I have a portfolio and I know how many loans the portfolio has in total $n$ and how many loans in the portfolio defaulted $d$. I also predicted one default rate for the portfolio $edf$. Hence, I am assuming the portfolio has a Binomial distribution with parameters $B(n, edf)$.
I calculate a realized default rate $rdf$ as $\frac{d}{n}$. Now I would like to calculate a confidence interval with confidence level $\alpha$ which shows where $\alpha$ percent of realizations from $B(n, edf)$ should fall.
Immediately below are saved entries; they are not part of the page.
definition UQF :: "nat \<Rightarrow> (nat \<Rightarrow> nat) \<Rightarrow> ((nat \<times> nat \<Rightarrow> real) \<Rightarrow> real)
    \<Rightarrow> ((nat \<times> nat \<Rightarrow> real) \<Rightarrow> real) \<Rightarrow> real" where
  "UQF K G q p = (INF v \<in> {v. \<exists>j\<in>idx K G. v j \<noteq> 0}.
      var_dens (PM (idx K G)) q (lin (idx K G) v) / var_dens (PM (idx K G)) p (lin (idx K G) v))"

end

theory Submission
  imports Defs "HOL-Probability.Distributions"
begin

text \<open>The target p \<propto> exp L is Gaussian with precision matrix Q = D^T D + diag T. Pushing a
  density r forward along a shear x \<mapsto> x + s h(x) e_j with h affine changes V(r \<parallel> p) by
  s E_r[h \<partial>_j L] - s^2/2 Q_jj E_r[h^2] + ln \<bar>1 + s \<partial>_j h\<bar>, so at a maximiser the derivative
  at s = 0 vanishes, which is the Stein identity E_r[h \<partial>_j L] = - \<partial>_j h. For p itself, the
  maximiser of V over all densities, this gives Q Cov_p = 1. Shears inside a single block preserve
  full factorisation, so for the optimal q the identity holds within each block; since the blocks
  are independent under q and Q is diagonal inside a random-effect block, Cov_q = diag (1 / Q_jj).
  Finally the UQF is tested on v = e_0 - (\<Sum>_g s_kg e_kg) / (S \<rho>_k), where s_kg is the weight of
  level g of factor k and S = \<Sum>_i D_ii^2: var_q(v^T\<theta>) is explicit, var_p(v^T\<theta>) \<ge>
  (v^T w)^2 / (w^T Q w) by Cauchy-Schwarz for the Q-inner product, and a suitable w gives the ratio
  1 - \<rho>_k; a second Cauchy-Schwarz gives \<rho>_k^2 \<ge> S / (G_k T_k + S).\<close>

lemma blk_zero [simp]: "blk G 0 = {(0,0)}"
  by (simp add: blk_def)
I want to take this confidence interval as an indicator if my model is working correctly, which means checking if $rdf$ falls within the confidence interval or not.
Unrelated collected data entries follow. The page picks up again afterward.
(* For every $\omega_p\in[0,\pi]$ and every $\theta_p$ (with $\theta_p\in\{0,\pi\}$ mod $2\pi$ when $\omega_p\in\{0,\pi\}$), $$\sup_{f\in\mathbb{RF}_{\omega_p,\theta_p}}\theta_f'(\omega_p)=\sup_{f\in\mathbb{AP}_{\omega_p,\theta_p}}\theta_f'(\omega_p).$$
   Context: $\mathbb{D}$ is the open unit disk. $\mathcal{RH}_\infty$: proper real-rational functions with all poles in $\mathbb{D}$, with $\|f\|_{H_\infty}=\sup_{\omega\in(-\pi,\pi]}|f(e^{j\omega})|$. $\theta_f(\omega):=\angle f(e^{j\omega})$ is a continuous choice of argument and $\theta_f'$ its derivative in $\omega$. $\mathbb{RF}_{\omega_p,\theta_p}:=\{f\in\mathcal{RH}_\infty:\ \|f\|_{H_\infty}=|f(e^{j\omega_p})|=1,\ \theta_f(\omega_p)=\theta_p\ (\mathrm{mod}\ 2\pi)\}$. $\mathbb{AP}$ is the set of $f\in\mathcal{RH}_\infty$ with $|f(e^{j\omega})|=1$ for all $\omega$; $\mathbb{AP}_{\omega_p,\theta_p}:=\mathbb{AP}\cap\mathbb{RF}_{\omega_p,\theta_p}$. *)

theory Defs
  imports "HOL-Analysis.Analysis" "HOL-Computational_Algebra.Polynomial"
begin

definition RH_inf :: "(complex \<Rightarrow> complex) \<Rightarrow> bool" where
  "RH_inf f \<longleftrightarrow> (\<exists>p q :: real poly. q \<noteq> 0 \<and> degree p \<le> degree q \<and>
     (\<forall>z. poly (map_poly complex_of_real q) z = 0 \<longrightarrow> norm z < 1) \<and>
     (\<forall>z. poly (map_poly complex_of_real q) z \<noteq> 0 \<longrightarrow>
        f z = poly (map_poly complex_of_real p) z / poly (map_poly complex_of_real q) z))"

definition Hinf_norm :: "(complex \<Rightarrow> complex) \<Rightarrow> real" where
  "Hinf_norm f = (SUP w\<in>{-pi<..pi}. cmod (f (cis w)))"

definition phase_deriv :: "(complex \<Rightarrow> complex) \<Rightarrow> real \<Rightarrow> real" where
  "phase_deriv f w = (THE d. \<exists>\<theta> e. e > 0 \<and> continuous_on {w - e<..<w + e} \<theta> \<and>
     (\<forall>t. \<bar>t - w\<bar> < e \<longrightarrow> f (cis t) = complex_of_real (cmod (f (cis t))) * cis (\<theta> t)) \<and>
     (\<theta> has_real_derivative d) (at w))"

definition RF :: "real \<Rightarrow> real \<Rightarrow> (complex \<Rightarrow> complex) set" where
  "RF wp tp = {f. RH_inf f \<and> Hinf_norm f = 1 \<and> cmod (f (cis wp)) = 1 \<and> f (cis wp) = cis tp}"

definition AP :: "(complex \<Rightarrow> complex) set" where
  "AP = {f. RH_inf f \<and> (\<forall>w. cmod (f (cis w)) = 1)}"

definition AP_at :: "real \<Rightarrow> real \<Rightarrow> (complex \<Rightarrow> complex) set" where
  "AP_at wp tp = AP \<inter> RF wp tp"

end

theory Submission
  imports Defs "HOL-Complex_Analysis.Complex_Analysis"
begin

text \<open>
  For \<open>f\<close> in \<open>RH\<^sub>\<infinity>\<close> the reflected function \<open>g z = f (1 / z)\<close> is holomorphic near the closed
  unit disc, commutes with complex conjugation (real coefficients) and, if \<open>\<parallel>f\<parallel>\<^sub>\<infinity> = 1\<close>, maps
  the disc into itself.  The phase derivative of \<open>f\<close> at \<open>\<omega>\<^sub>p\<close> is \<open>- Re (\<zeta> g'(\<zeta>) / g(\<zeta>))\<close>
  with \<open>\<zeta> = cis (- \<omega>\<^sub>p)\<close>.  The Schwarz--Pick lemma applied to \<open>r \<zeta>\<close> and its conjugate, in the
  limit \<open>r \<rightarrow> 1\<close>, gives the Julia-type boundary estimate
  \<open>Re (\<zeta> g'(\<zeta>) / g(\<zeta>)) \<ge> |1 - g(\<zeta>)\<^sup>2| / |1 - \<zeta>\<^sup>2| = |sin \<theta>\<^sub>p| / sin \<omega>\<^sub>p\<close>.
  So every phase derivative over \<open>RF\<close> is at most \<open>- |sin \<theta>\<^sub>p| / sin \<omega>\<^sub>p\<close>, and this bound is attained
  by a first-order all-pass function \<open>s (1 - a z) / (z - a)\<close> with real \<open>|a| < 1\<close> and \<open>s = \<plusminus>1\<close>
  (or by a constant when \<open>sin \<theta>\<^sub>p = 0\<close>); hence both suprema equal it.
\<close>

section \<open>Phase derivatives\<close>

definition phase_lift :: "(complex \<Rightarrow> complex) \<Rightarrow> real \<Rightarrow> real \<Rightarrow> (real \<Rightarrow> real) \<Rightarrow> bool" where
  "phase_lift f w e \<theta> \<longleftrightarrow> e > 0 \<and> continuous_on {w - e<..<w + e} \<theta> \<and>
     (\<forall>t. \<bar>t - w\<bar> < e \<longrightarrow> f (cis t) = of_real (cmod (f (cis t))) * cis (\<theta> t))"

lemma phase_deriv_altdef:
  "phase_deriv f w = (THE d. \<exists>\<theta> e. phase_lift f w e \<theta> \<and> (\<theta> has_real_derivative d) (at w))"
  unfolding phase_deriv_def phase_lift_def by (simp only: conj_assoc)

lemma phase_deriv_cong:
  assumes "\<And>t. f (cis t) = g (cis t)"
  shows "phase_deriv f w = phase_deriv g w"
  unfolding phase_deriv_def assms ..

lemma isCont_imp_eventually_in_open:
  assumes "isCont f x" "open S" "f x \<in> S"
  shows "\<forall>\<^sub>F y in nhds x. f y \<in> S"
  using assms unfolding isCont_def tendsto_def eventually_at_filter
  by (auto elim: eventually_mono)

lemma eventually_eq_if_cis_eq_1:
  fixes \<delta> :: "real \<Rightarrow> real"
  assumes "isCont \<delta> w" and "\<forall>\<^sub>F t in nhds w. cis (\<delta> t) = 1"
  shows "\<forall>\<^sub>F t in nhds w. \<delta> t = \<delta> w"
proof -
  have \<delta>w: "cis (\<delta> w) = 1"
    using assms(2) eventually_nhds_x_imp_x by blast
  have "\<forall>\<^sub>F t in nhds w. \<delta> t \<in> ball (\<delta> w) (2 * pi)"
    by (rule isCont_imp_eventually_in_open[OF assms(1)]) auto
  with assms(2) show ?thesis
  proof eventually_elim
    case (elim t)
    then have "cis (\<delta> t - \<delta> w) = 1"
      using \<delta>w by (simp flip: cis_divide)
    then have "cos (\<delta> t - \<delta> w) = 1"
      by (metis cis.sel(1) one_complex.sel(1))
    then obtain k :: int where k: "\<delta> t - \<delta> w = of_int k * 2 * pi"
      using cos_one_2pi_int by blast
    with elim have "\<bar>of_int k\<bar> * (2 * pi) < 1 * (2 * pi)"
      by (simp add: abs_mult dist_real_def abs_minus_commute)
    then have "k = 0"
      by (subst (asm) mult_less_cancel_right) auto
    with k show ?case by simp
  qed
qed

lemma phase_lift_derivative_unique:
  assumes "isCont (\<lambda>t. f (cis t)) w" "f (cis w) \<noteq> 0"
    and lift1: "phase_lift f w e1 \<theta>1" and d1: "(\<theta>1 has_real_derivative d1) (at w)"
    and lift2: "phase_lift f w e2 \<theta>2" and d2: "(\<theta>2 has_real_derivative d2) (at w)"
  shows "d1 = d2"
proof -
  define \<delta> where "\<delta> t = \<theta>2 t - \<theta>1 t" for t
  have "\<forall>\<^sub>F t in nhds w. f (cis t) \<in> - {0}"
    using assms(2) by (intro isCont_imp_eventually_in_open[OF assms(1)]) auto
  moreover have "\<forall>\<^sub>F t in nhds w. t \<in> ball w (min e1 e2)"
    using lift1 lift2 unfolding phase_lift_def by (intro eventually_nhds_in_open) auto
  ultimately have "\<forall>\<^sub>F t in nhds w. cis (\<delta> t) = 1"
  proof eventually_elim
    case (elim t)
    then have "\<bar>t - w\<bar> < e1" "\<bar>t - w\<bar> < e2" "f (cis t) \<noteq> 0"
      by (auto simp: dist_real_def abs_minus_commute)
    with lift1 lift2 have "cis (\<theta>1 t) = cis (\<theta>2 t)"
      unfolding phase_lift_def by (metis mult_cancel_left norm_eq_zero of_real_eq_0_iff)
    then show ?case by (simp add: \<delta>_def flip: cis_divide)
  qed
  moreover have "isCont \<delta> w"
    unfolding \<delta>_def using DERIV_isCont[OF d1] DERIV_isCont[OF d2] by (intro continuous_intros)
  ultimately have "\<forall>\<^sub>F t in nhds w. \<delta> t = \<delta> w"
    by (intro eventually_eq_if_cis_eq_1)
  then have shift: "\<forall>\<^sub>F t in nhds w. \<theta>1 t + \<delta> w = \<theta>2 t"
    by (rule eventually_mono) (simp add: \<delta>_def)
  have "((\<lambda>t. \<theta>1 t + \<delta> w) has_real_derivative d1) (at w)"
    using d1 by (auto intro!: derivative_eq_intros)
  then have "(\<theta>2 has_real_derivative d1) (at w)"
    using DERIV_cong_ev[OF refl shift refl] by simp
  with d2 show ?thesis
    by (rule DERIV_unique[symmetric])
qed

lemma phase_deriv_eqI:
  assumes "isCont (\<lambda>t. f (cis t)) w" "f (cis w) \<noteq> 0"
    and "phase_lift f w e \<theta>" "(\<theta> has_real_derivative d) (at w)"
  shows "phase_deriv f w = d"
  unfolding phase_deriv_altdef
proof (rule the_equality)
  show "\<exists>\<theta> e. phase_lift f w e \<theta> \<and> (\<theta> has_real_derivative d) (at w)"
    using assms(3,4) by blast
  show "d' = d" if "\<exists>\<theta> e. phase_lift f w e \<theta> \<and> (\<theta> has_real_derivative d') (at w)" for d'
    using that phase_lift_derivative_unique[OF assms] by blast
qed

lemma isCont_comp_cis:
  assumes "isCont f (cis t)"
  shows "isCont (\<lambda>t. f (cis t)) t"
  using isCont_o2[where f=cis and g=f] assms by (simp add: isCont_def tendsto_cis tendsto_ident_at)

lemma has_vector_derivative_comp_cis:
  assumes "(f has_field_derivative D) (at (cis w))"
  shows "((\<lambda>t. f (cis t)) has_vector_derivative \<i> * cis w * D) (at w)"
proof -
  have "((\<lambda>t. cis t) has_vector_derivative \<i> * cis w) (at w)"
    by (auto intro!: derivative_eq_intros simp: has_vector_derivative_def)
  from field_vector_diff_chain_at[OF this assms] show ?thesis
    by (simp add: o_def)
qed

lemma mult_eq_polar_Arg_Ln:
  assumes "c \<noteq> 0" "u \<noteq> 0"
  shows "c * u = of_real (cmod (c * u)) * cis (Arg c + Im (Ln u))"
proof -
  have "u = of_real (cmod u) * cis (Im (Ln u))"
    using assms(2) by (metis exp_Ln exp_eq_polar norm_exp_eq_Re)
  moreover have "c = of_real (cmod c) * cis (Arg c)"
    using assms(1) by (simp add: cis_Arg complex_sgn_def scaleR_conv_of_real)
  ultimately have "c * u = (of_real (cmod c) * cis (Arg c)) * (of_real (cmod u) * cis (Im (Ln u)))"
    by (rule arg_cong2)
  also have "\<dots> = of_real (cmod c * cmod u) * cis (Arg c + Im (Ln u))"
    by (simp add: cis_mult mult_ac)
  finally show ?thesis
    unfolding norm_mult .
qed

lemma phase_lift_exists:
  assumes cont: "\<And>t. isCont f (cis t)"
    and deriv: "(f has_field_derivative D) (at (cis w))" and nz: "f (cis w) \<noteq> 0"
  obtains e \<theta> where "phase_lift f w e \<theta>"
    and "(\<theta> has_real_derivative Re (cis w * D / f (cis w))) (at w)"
proof -
  define c where "c = f (cis w)"
  define U where "U t = f (cis t) / c" for t
  have U_cont: "isCont U t" for t
    unfolding U_def using isCont_comp_cis[OF cont] nz by (intro continuous_intros) (auto simp: c_def)
  have "\<forall>\<^sub>F t in nhds w. U t \<in> {z. Re z > 0}"
    using nz by (intro isCont_imp_eventually_in_open[OF U_cont] open_halfspace_Re_gt) (simp add: U_def c_def)
  then obtain e where e: "e > 0" and U_pos: "\<And>t. \<bar>t - w\<bar> < e \<Longrightarrow> Re (U t) > 0"
    unfolding eventually_nhds_metric dist_real_def by auto
  have U_slit: "U t \<notin> \<real>\<^sub>\<le>\<^sub>0" if "\<bar>t - w\<bar> < e" for t
    using U_pos[OF that] by (auto elim!: nonpos_Reals_cases)
  \<comment> \<open>a continuous argument near \<open>w\<close>: \<open>Arg c\<close> plus the principal argument of \<open>U\<close>, which stays in the right half plane\<close>
  define \<theta> where "\<theta> t = Arg c + Im (Ln (U t))" for t
  have "phase_lift f w e \<theta>"
    unfolding phase_lift_def
  proof (intro conjI allI impI e)
    show "continuous_on {w - e<..<w + e} \<theta>"
      unfolding \<theta>_def using U_slit
      by (intro continuous_at_imp_continuous_on ballI continuous_intros isCont_Ln' U_cont) auto
    fix t assume "\<bar>t - w\<bar> < e"
    then have "U t \<noteq> 0"
      using U_pos by fastforce
    have fU: "f (cis t) = c * U t"
      using nz by (simp add: U_def c_def)
    show "f (cis t) = of_real (cmod (f (cis t))) * cis (\<theta> t)"
      unfolding fU \<theta>_def using nz \<open>U t \<noteq> 0\<close> by (intro mult_eq_polar_Arg_Ln) (simp_all add: c_def)
  qed
  moreover have "(\<theta> has_real_derivative Re (cis w * D / c)) (at w)"
  proof -
    have U': "(U has_vector_derivative \<i> * cis w * D / c) (at w)"
      unfolding U_def using has_vector_derivative_comp_cis[OF deriv] by (auto intro!: derivative_eq_intros)
    have Ln': "(Ln has_field_derivative 1) (at (U w))"
      using nz has_field_derivative_Ln[of 1] by (simp add: U_def c_def)
    have "((\<lambda>t. Ln (U t)) has_vector_derivative \<i> * cis w * D / c) (at w)"
      using field_vector_diff_chain_at[OF U' Ln'] by (simp add: o_def)
    moreover have "Im (\<i> * cis w * D / c) = Re (cis w * D / c)"
      by (metis Im_i_times mult.assoc times_divide_eq_right)
    ultimately show ?thesis
      unfolding \<theta>_def by (auto intro!: derivative_eq_intros)
  qed
  ultimately show ?thesis
    using that by (simp add: c_def)
qed

lemma phase_deriv_eq:
  assumes "\<And>t. isCont f (cis t)"
    and "(f has_field_derivative D) (at (cis w))" and "f (cis w) \<noteq> 0"
  shows "phase_deriv f w = Re (cis w * D / f (cis w))"
proof -
  obtain e \<theta> where "phase_lift f w e \<theta>" "(\<theta> has_real_derivative Re (cis w * D / f (cis w))) (at w)"
    using phase_lift_exists[OF assms] .
  moreover have "isCont (\<lambda>t. f (cis t)) w"
    using isCont_comp_cis[OF assms(1)] .
  ultimately show ?thesis
    using assms(3) by (intro phase_deriv_eqI)
qed

section \<open>Schwarz--Pick and Julia estimates for real-symmetric self-maps of the disc\<close>

lemma one_minus_norm_Moebius_function_squared:
  assumes a: "cmod a < 1" and b: "cmod b < 1"
  shows "1 - cmod (Moebius_function 0 a b) ^ 2 =
         (1 - cmod a ^ 2) * (1 - cmod b ^ 2) / cmod (1 - cnj a * b) ^ 2"
proof -
  have "cmod (cnj a * b) < 1"
    using norm_mult_less[of "cnj a" 1 b 1] a b by simp
  then have den: "1 - cnj a * b \<noteq> 0" by auto
  then have "1 - a * cnj b \<noteq> 0"
    by (metis complex_cnj_cnj complex_cnj_mult complex_cnj_one right_minus_eq)
  with den show ?thesis
    apply (cases a, cases b)
    apply (simp add: Moebius_function_def divide_simps norm_divide norm_mult)
    apply (simp add: complex_norm complex_diff complex_mult one_complex.code complex_cnj)
    apply (auto simp: algebra_simps power2_eq_square)
    done
qed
Option 1: Applying cumulative distribution function
Can I just use the cumulative distribution of the binomial distribution at $cdf_{binomial}(n, edf, \frac{(1 - \alpha)}{2})$ and $cdf_{binomial}(n, edf, 1 - \frac{(1 - \alpha)}{2})$?
OR
Option 2 based on t-value
Should I do sth like $$ Y_{expected} \pm (t * s) $$ where
- $Y_{expected} = n * edf$
- $t$ critical two-tailed t-value at $\alpha$ with $x$ degrees of freedom (How many degrees of freedom? How to calculate?)
- $s$ standard error $\sqrt{n * edf * (1- edf) }$ (Correct?)